Courtney Barnett And The Relatable Rock Revival
    • WEDNESDAY, MARCH 04, 2015

    • Posted by: Emily Daly

    Courtney Barnett's new song "Depreston" is great because of the Australian musician's endearing, deadpan drawl, but also for its topic. Two potential home buyers are searching for a place to live in a depressing neighborhood, far away from trendy coffee shops, because it's more affordable. "Now we've got that percolator, never made a latte greater/And I'm saving 23 dollars a week," she sings, echoing the sentiments of those of us who moved to New York City only to realize we had to choose between a hip atmosphere to sip our espresso or buying an adequate amount of groceries.

    It's refreshing after hearing so many mainstream artists spout off about wealth, and all the glitz and glam that goes with it. In her song "Fancy," Iggy Azalea bragged that she should be admired for having "High heels, somethin' worth a half a ticket on my wrist" and that she's too fancy to "shop at no department." In Drake's song with the same name, he admires a woman for her confidence and smarts, but also because she has a "closet full of brand new clothes and hand bags/Alexander McQueen, Prada, Gucci, Chanel/D&G, BCBG, Versace, Louie and BeBe." In Lady Gaga's "Fashion," she connects power and self-esteem to designer clothes. Beyoncé sings about gettin' down in a limousine. How many of their listeners can actually relate to these lyrics?

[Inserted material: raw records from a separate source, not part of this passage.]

(* Consider a common-payoff finite-horizon partially observable stochastic game with finite action sets, and let $\pi^t$ be a joint policy that assigns positive probability to every action at every decision point. For a stepsize $\eta > 0$, define the joint policy $\pi^{t+1}$ by performing a mirror descent (hedge) update simultaneously at every decision point of every player with action-value feedback: for each player $i$ and each decision point $h_i$ reached with positive probability under $\pi^t$, $$\pi^{t+1}_i(h_i) = \arg\max_{\bar{\pi}' \in \Delta(\mathbb{A}_i)} \langle \bar{\pi}', q_i^{\pi^t}(h_i)\rangle - \tfrac{1}{\eta}\mathrm{KL}(\bar{\pi}', \pi_i^t(h_i)), \quad\text{i.e.}\quad \pi^{t+1}_i(h_i)(a) \propto \pi^t_i(h_i)(a)\, e^{\eta\, q_i^{\pi^t}(h_i, a)}.$$ Then for every sufficiently small stepsize $\eta > 0$, $\mathcal{J}(\pi^{t+1}) \geq \mathcal{J}(\pi^t)$, and this inequality is strict if $\pi^{t+1} \neq \pi^t$.
   Context: A finite-horizon partially observable stochastic game (POSG) consists of finite sets of Markov states $\mathbb{S}$, per-player action sets $\mathbb{A}_i$ and observation sets $\mathbb{O}_i$, joint actions $\mathbb{A} = \times_i \mathbb{A}_i$, reward functions $\mathcal{R}_i \colon \mathbb{S}\times\mathbb{A}\to\mathbb{R}$, a transition function $\mathcal{T}\colon \mathbb{S}\times\mathbb{A}\to\Delta(\mathbb{S})$ and observation functions $\mathcal{O}_i \colon \mathbb{S}\times\mathbb{A}\to\mathbb{O}_i$. Player $i$'s decision points are $h_i \in \mathbb{H}_i = \bigcup_t (\mathbb{O}_i\times\mathbb{A}_i)^t\times\mathbb{O}_i$; histories are $h \in \mathbb{H} = \times_i \mathbb{H}_i$. A policy for player $i$ is a map $\pi_i\colon \mathbb{H}_i \to \Delta(\mathbb{A}_i)$, and a joint policy is $\pi = (\pi_i)_i$; $\mathcal{P}_\pi$, $\mathbb{E}_\pi$ denote probabilities/expectations induced by $\pi$. The expected return of player $i$ is $\mathcal{J}_i(\pi) = \mathbb{E}_\pi[\sum_t \mathcal{R}_i(S^t, A^t)]$; the game is common-payoff if all players' returns coincide, and then $\mathcal{J}$ denotes this common expected return. For a history $h^t$ at time $t$, $G^{\geq t} = \sum_{t'\geq t}\mathcal{R}_i(S^{t'},A^{t'})$, $v_i^\pi(h^t) = \mathbb{E}_\pi[G^{\geq t}\mid h^t]$, $q_i^\pi(h^t,a_i) = \mathbb{E}_\pi[\mathcal{R}_i(S^t,A^t) + v_i^\pi(H^{t+1})\mid h^t, a_i]$, and the action value at a decision point is $q_i^\pi(h_i^t, a_i) = \mathbb{E}_\pi[q_i^\pi(H^t,a_i)\mid h_i^t]$, with $q_i^\pi(h_i)$ the vector $(q_i^\pi(h_i,a))_{a\in\mathbb{A}_i}$. $\mathrm{KL}$ is the Kullback–Leibler divergence. (At decision points reached with probability zero the update does not affect $\mathcal{J}$.) *)

theory Defs
  imports "HOL-Probability.Probability"
begin

text \<open>Dynamics: S^0 ~ init; A^t ~ product of the players' policies at their decision points;
  S^(t+1) ~ trans S^t A^t.  Player i observes obs0 i S^0 at time 0 and
  obs i S^(t+1) A^t at time t+1.  Rewards rew i S^t A^t for t < horizon.\<close>

record ('s, 'i, 'a, 'o) posg =
  init :: "'s pmf"
  trans :: "'s \<Rightarrow> ('i \<Rightarrow> 'a) \<Rightarrow> 's pmf"
  obs0 :: "'i \<Rightarrow> 's \<Rightarrow> 'o"
  obs :: "'i \<Rightarrow> 's \<Rightarrow> ('i \<Rightarrow> 'a) \<Rightarrow> 'o"
  rew :: "'i \<Rightarrow> 's \<Rightarrow> ('i \<Rightarrow> 'a) \<Rightarrow> real"
  acts :: "'i \<Rightarrow> 'a set"
  horizon :: nat

definition wf_posg :: "('s::finite, 'i::finite, 'a, 'o::finite) posg \<Rightarrow> bool" where
  "wf_posg G \<longleftrightarrow> (\<forall>i. finite (acts G i) \<and> acts G i \<noteq> {})"

text \<open>Decision point of a player: ((o^0,a^0),...,(o^(t-1),a^(t-1))), o^t).\<close>
type_synonym ('o, 'a) dpoint = "('o \<times> 'a) list \<times> 'o"

text \<open>Observation of player i at time k, given states ss = [s^0..s^t] and joint actions
  acs = [a^0..a^(t-1)].\<close>
definition obs_at :: "('s, 'i, 'a, 'o) posg \<Rightarrow> 'i \<Rightarrow> 's list \<Rightarrow> ('i \<Rightarrow> 'a) list \<Rightarrow> nat \<Rightarrow> 'o" where
  "obs_at G i ss acs k = (if k = 0 then obs0 G i (ss ! 0) else obs G i (ss ! k) (acs ! (k - 1)))"

definition hist :: "('s, 'i, 'a, 'o) posg \<Rightarrow> 'i \<Rightarrow> ('s \<times> ('i \<Rightarrow> 'a)) list \<Rightarrow> 's \<Rightarrow> ('o, 'a) dpoint" where
  "hist G i past s =
    (let ss = map fst past @ [s]; acs = map snd past; t = length past
     in (zip (map (obs_at G i ss acs) [0..<t]) (map (\<lambda>a. a i) acs), obs_at G i ss acs t))"

type_synonym ('i, 'o, 'a) policy = "'i \<Rightarrow> ('o, 'a) dpoint \<Rightarrow> 'a pmf"

primrec gen :: "('s, 'i::finite, 'a, 'o) posg \<Rightarrow> ('i, 'o, 'a) policy \<Rightarrow> nat
    \<Rightarrow> ('s \<times> ('i \<Rightarrow> 'a)) list \<Rightarrow> 's \<Rightarrow> ('s \<times> ('i \<Rightarrow> 'a)) list pmf" where
  "gen G \<pi> 0 past s = return_pmf []"
| "gen G \<pi> (Suc n) past s =
     bind_pmf (Pi_pmf UNIV undefined (\<lambda>i. \<pi> i (hist G i past s)))
       (\<lambda>a. bind_pmf (trans G s a)
          (\<lambda>s'. map_pmf (\<lambda>rest. (s, a) # rest) (gen G \<pi> n (past @ [(s, a)]) s')))"

definition traj :: "('s, 'i::finite, 'a, 'o) posg \<Rightarrow> ('i, 'o, 'a) policy \<Rightarrow> ('s \<times> ('i \<Rightarrow> 'a)) list pmf" where
  "traj G \<pi> = bind_pmf (init G) (\<lambda>s. gen G \<pi> (horizon G) [] s)"

definition Hi :: "('s, 'i, 'a, 'o) posg \<Rightarrow> 'i \<Rightarrow> nat \<Rightarrow> ('s \<times> ('i \<Rightarrow> 'a)) list \<Rightarrow> ('o, 'a) dpoint" where
  "Hi G i t tr = hist G i (take t tr) (fst (tr ! t))"

definition Hj :: "('s, 'i, 'a, 'o) posg \<Rightarrow> nat \<Rightarrow> ('s \<times> ('i \<Rightarrow> 'a)) list \<Rightarrow> 'i \<Rightarrow> ('o, 'a) dpoint" where
  "Hj G t tr = (\<lambda>i. Hi G i t tr)"

definition ret :: "('s, 'i, 'a, 'o) posg \<Rightarrow> 'i \<Rightarrow> ('s \<times> ('i \<Rightarrow> 'a)) list \<Rightarrow> real" where
  "ret G i tr = sum_list (map (\<lambda>(s, a). rew G i s a) tr)"

definition J :: "('s, 'i::finite, 'a, 'o) posg \<Rightarrow> 'i \<Rightarrow> ('i, 'o, 'a) policy \<Rightarrow> real" where
  "J G i \<pi> = measure_pmf.expectation (traj G \<pi>) (ret G i)"

definition Gge :: "('s, 'i, 'a, 'o) posg \<Rightarrow> 'i \<Rightarrow> nat \<Rightarrow> ('s \<times> ('i \<Rightarrow> 'a)) list \<Rightarrow> real" where
  "Gge G i t tr = (\<Sum>k\<in>{t..<length tr}. rew G i (fst (tr ! k)) (snd (tr ! k)))"

definition cexp :: "'x pmf \<Rightarrow> ('x \<Rightarrow> bool) \<Rightarrow> ('x \<Rightarrow> real) \<Rightarrow> real" where
  "cexp p P f = measure_pmf.expectation p (\<lambda>x. if P x then f x else 0) / measure_pmf.prob p {x. P x}"

definition vval :: "('s, 'i::finite, 'a, 'o) posg \<Rightarrow> 'i \<Rightarrow> ('i, 'o, 'a) policy \<Rightarrow> nat
    \<Rightarrow> ('i \<Rightarrow> ('o, 'a) dpoint) \<Rightarrow> real" where
  "vval G i \<pi> t h = cexp (traj G \<pi>) (\<lambda>tr. Hj G t tr = h) (Gge G i t)"

definition qjoint :: "('s, 'i::finite, 'a, 'o) posg \<Rightarrow> 'i \<Rightarrow> ('i, 'o, 'a) policy \<Rightarrow> nat
    \<Rightarrow> ('i \<Rightarrow> ('o, 'a) dpoint) \<Rightarrow> 'a \<Rightarrow> real" where
  "qjoint G i \<pi> t h a = cexp (traj G \<pi>) (\<lambda>tr. Hj G t tr = h \<and> snd (tr ! t) i = a)
      (\<lambda>tr. rew G i (fst (tr ! t)) (snd (tr ! t)) + vval G i \<pi> (Suc t) (Hj G (Suc t) tr))"

definition qdp :: "('s, 'i::finite, 'a, 'o) posg \<Rightarrow> 'i \<Rightarrow> ('i, 'o, 'a) policy
    \<Rightarrow> ('o, 'a) dpoint \<Rightarrow> 'a \<Rightarrow> real" where
  "qdp G i \<pi> h a = (let t = length (fst h) in
      cexp (traj G \<pi>) (\<lambda>tr. Hi G i t tr = h) (\<lambda>tr. qjoint G i \<pi> t (Hj G t tr) a))"

definition reached :: "('s, 'i::finite, 'a, 'o) posg \<Rightarrow> ('i, 'o, 'a) policy \<Rightarrow> 'i \<Rightarrow> ('o, 'a) dpoint \<Rightarrow> bool" where
  "reached G \<pi> i h \<longleftrightarrow> length (fst h) < horizon G \<and>
     measure_pmf.prob (traj G \<pi>) {tr. Hi G i (length (fst h)) tr = h} > 0"

definition valid_policy :: "('s, 'i, 'a, 'o) posg \<Rightarrow> ('i, 'o, 'a) policy \<Rightarrow> bool" where
  "valid_policy G \<pi> \<longleftrightarrow> (\<forall>i h. set_pmf (\<pi> i h) \<subseteq> acts G i)"

definition fully_mixed :: "('s, 'i, 'a, 'o) posg \<Rightarrow> ('i, 'o, 'a) policy \<Rightarrow> bool" where
  "fully_mixed G \<pi> \<longleftrightarrow> (\<forall>i h. set (map snd (fst h)) \<subseteq> acts G i \<longrightarrow> (\<forall>a\<in>acts G i. pmf (\<pi> i h) a > 0))"

definition common_payoff :: "('s, 'i::finite, 'a, 'o) posg \<Rightarrow> bool" where
  "common_payoff G \<longleftrightarrow> (\<forall>\<pi>. valid_policy G \<pi> \<longrightarrow> (\<forall>i j. J G i \<pi> = J G j \<pi>))"

definition hedge_update :: "('s, 'i::finite, 'a, 'o) posg \<Rightarrow> real \<Rightarrow> ('i, 'o, 'a) policy
    \<Rightarrow> ('i, 'o, 'a) policy \<Rightarrow> bool" where
  "hedge_update G \<eta> \<pi> \<pi>' \<longleftrightarrow> (\<forall>i h.
     (if reached G \<pi> i h then
        (\<forall>a. pmf (\<pi>' i h) a =
              pmf (\<pi> i h) a * exp (\<eta> * qdp G i \<pi> h a) /
              (\<Sum>b\<in>acts G i. pmf (\<pi> i h) b * exp (\<eta> * qdp G i \<pi> h b)))
      else \<pi>' i h = \<pi> i h))"

end

theory Submission
  imports Defs
begin

text \<open>
  Along the hedge path \<open>\<eta> \<mapsto> \<pi>\<^sub>\<eta>\<close>, with \<open>\<pi>\<^sub>0 = \<pi>\<close>, every action probability is
  \<open>\<pi>(a|h)\<close> times a smooth weight whose derivative at \<open>\<eta> = 0\<close> is the advantage
  \<open>q(h,a) - \<Sum>\<^sub>b \<pi>(b|h) q(h,b)\<close>. The likelihood-ratio formula therefore expresses the
  derivative of \<open>J(\<pi>\<^sub>\<eta>)\<close> at \<open>0\<close> as the expected return times the sum of the
  advantages of all actions taken. In a common-payoff game the term of player \<open>j\<close> may be
  evaluated with \<open>j\<close>'s own return; since an action value is the expected return-to-go after the
  action, and rewards collected earlier are annihilated by the centred advantages, that term is
  the sum over \<open>t\<close> and \<open>h\<close> of \<open>P(H\<^sub>j\<^sup>t = h)\<close> times the variance of \<open>q\<^sub>j(h,\<cdot>)\<close>
  under \<open>\<pi>\<^sub>j(h)\<close>. If some reached decision point has non-constant action values the
  derivative is therefore positive and \<open>J\<close> increases strictly for small \<open>\<eta>\<close>; otherwise the
  hedge update leaves \<open>\<pi>\<close> unchanged.
\<close>

lemma expectation_eq_sum_pmf:
  fixes f :: "'x \<Rightarrow> real"
  assumes "finite S" "set_pmf p \<subseteq> S"
  shows "measure_pmf.expectation p f = (\<Sum>x\<in>S. pmf p x * f x)"
  using assms by (subst integral_measure_pmf_real[where A = S]) (auto simp: mult.commute)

    Barnett isn't exactly starting a new trend: Artists have sung about barely scraping by for decades, as exemplified by The Kink's "Dead End Street," Stevie Wonder's "Living For The City," and Donna Summer, to name a few. But now more than ever, money and how it's spent is carefully considered. After past disasters with loans and credit, those who are coming of age now have seen their elders buried under mountains of debt. With rising tuition rates and a job market that could be better, we've (hopefully) realized we have to live within our means. More than ever modern music is acknowledging that, whether through Barnett coming to terms with living in an undesirable neighborhood or Father John Misty's satire song on living in debt and receiving "a subprime loan on a craftsman home." Instead of name-dropping brands, Parquet Courts is dissatisfied and overwhelmed by "one more thing you have to buy/Just one more thing to replace/One more way to block your face."

    Music has always been used to make bold statements about peace, love, war, politics, and so on. Artists like Barnett make the point that it's ok not to be buying fur coats or diamond earrings, because the artists you admire aren't either. They're giving up lattes and living in cheap neighborhoods like the rest of us.